8 COOL AND EFFECTIVE GADGETS THAT CAN SAVE YOUR LIFE [Video]
Video uploaded by TechZone on November 11, 2020
Phone to the Rescue or How a Digital Device Can Save You in the Real World
This is one for those still grumbling about the modern technology detaching us from reality, the current generation “living in a digital matrix”, wasting their life being glued to the screens, withering away in clutches of illusion… not. That is, those complainers, too, could do well reading on, if only to learn that damned device can actually come quite handy in quite physical (and vital, at that) circumstances. But, first and foremost, our goal here is, as usual, to inform our trusty and tech-loving audience of what their staunch digital companions – smartphones, in this case – can do for them, on top of their most commonly-known functions, such as making calls or playing music.
And no, we didn’t go for the words “rescue” and “save” in the title just for the attention-getting purposes. Your calling / playing / gaming gadget is indeed capable to get you out of most extreme situations whole-skinned, and here are some examples of why with them, you might be safer than you think even when a calamity is looming.
Now, by calamity we don’t mean just sudden bouts of illnesses when ringing a short emergency number or resorting to voice assistant’s help may – and does – prevent the irrevocable damage; useful as it is, this sort of thing has become such a commonplace, it would be a tad presumptuous on our side to suppose that any of you might still be unaware of it. We are talking full-on catastrophes or crimes here. Most of which befall you when you are out in the open – or as good as – be them of seismic, fiery, watery or windy nature.

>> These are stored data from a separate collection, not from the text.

(* Every x in L is +-a_\<sigma> for a unique \<sigma> =: supp x, and since the generators commute and
   associate up to the central sign -1, supp (x y) = supp x \<Delta> supp y.  Both Psi_hat \<Psi> and
   every \<phi> in H_B are sign patterns x \<mapsto> s(supp x) x: the former by definition, the latter
   because a half-automorphism fixes -1 (the only nontrivial square), commutes with the sign and,
   fixing the a_i, preserves every a_\<sigma> up to sign.  A sign pattern sends x y to
   s(\<sigma> \<Delta> \<mu>) x y, whereas the two admissible images are s(\<sigma>) s(\<mu>) x y and s(\<sigma>) s(\<mu>) y x.
   For commuting x, y this is exactly s(\<sigma> \<Delta> \<mu>) = s(\<sigma>) s(\<mu>); otherwise y x = -x y and one
   of the two always matches. *)

lemma symdiff_subset: "\<sigma> \<subseteq> S \<Longrightarrow> \<mu> \<subseteq> S \<Longrightarrow> symdiff \<sigma> \<mu> \<subseteq> S"
  unfolding symdiff_def by auto

lemma sign_eq_mult_iff:
  fixes j k l :: int
  assumes "j \<in> {1, -1}" "k \<in> {1, -1}" "l \<in> {1, -1}"
  shows "j = k * l \<longleftrightarrow> (j = 1) = ((k = 1) = (l = 1))"
  using assms by auto

locale code_loop_struct =
  fixes L :: "'a set" and mult :: "'a \<Rightarrow> 'a \<Rightarrow> 'a" and e :: 'a
  assumes code_loop: "code_loop L mult e"
begin
text \<open>Every walk into a leaf ends with the leaf's unique edge.\<close>

lemma vdist_to_leaf_ge:
  assumes net: "network V E len" and star: "{f \<in> E. fst f = w \<or> snd f = w} = {e}"
    and v: "v \<in> V" "w \<in> V" "v \<noteq> w"
  shows "len e \<le> vdist E len v w"
  unfolding vdist_def
proof (rule cInf_greatest[OF walk_lengths_nonempty[OF net v(1,2)]])
  fix r assume "r \<in> {walk_len E len xs | xs. is_walk E xs \<and> hd xs = v \<and> last xs = w}"
  then obtain xs where r: "r = walk_len E len xs" and W: "is_walk E xs" "hd xs = v" "last xs = w"
    by blast
  have pos: "\<forall>f\<in>E. len f > 0" using net by (simp add: network_def)
  have "xs \<noteq> []" using W(1) by (simp add: is_walk_def)
  with W v have long: "2 \<le> length xs" by (cases xs) (auto simp: Suc_le_eq)
  define k where "k = length xs - 2"
  have k: "Suc k < length xs" "xs ! Suc k = w"
    using W(3) \<open>xs \<noteq> []\<close> long by (auto simp: k_def last_conv_nth Suc_diff_Suc numeral_2_eq_2)
  have "adjacent E (xs ! k) (xs ! Suc k)" using W(1) k(1) unfolding is_walk_def by blast
  then have "(xs ! k, w) \<in> E \<or> (w, xs ! k) \<in> E" using k(2) by (simp add: adjacent_def)
  moreover have "f = e" if "f \<in> E" "fst f = w \<or> snd f = w" for f
    using star that by blast
  ultimately have "elen E len (xs ! k) w = len e"
    unfolding elen_def by (metis fst_conv snd_conv)
  then have "len e = elen E len (xs ! k) (xs ! Suc k)" using k(2) by simp
  also have "\<dots> \<le> walk_len E len xs"
    unfolding walk_len_def
  proof (rule member_le_sum)
    show "k \<in> {..<length xs - 1}" using k(1) by simp
  qed (use walk_elen_nonneg[OF W(1) pos] in auto)
  finally show "len e \<le> r" by (simp add: r)
qed

lemma Spts_cases:
  assumes "q \<in> Spts V E len"
  obtains v where "v \<in> V" "q = Vtx v"
  | e' w where "e' \<in> E" "0 < w" "w < len e'" "q = Inn e' w"
  using assms unfolding Spts_def by blast

lemma Spts_InnD:
  assumes "Inn e w \<in> Spts V E len"
  shows "point len e w = Inn e w" "0 < w" "w < len e"
  using assms unfolding Spts_def point_def by auto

That’s when a simple call is mostly not enough, and it’s certainly not the best of ideas speaking to Alexa from a burning forest or when a tornado is approaching, or when the ground is shifting beneath your feet. But, amazingly, even then you still can quickly contact the first aiders, thanks to the text options and special applications. The SMS will reach those who can urgently help you much quicker (for starters, they are not stopped by the “busy line” curse), and, just like calls, they will inform rescuers of your location automatically. The Morse SOS applications (of which there are a whole range available, for any type of phone OS) will send a request-for-saving signal literally instantly, and quite a few of them are free, so even if you are out of minutes and data, there’s still a way out. Look for the Flashlight & More if you are an iPhone owner, and for Android users, there is Super-Bright LED Flashlight to turn to.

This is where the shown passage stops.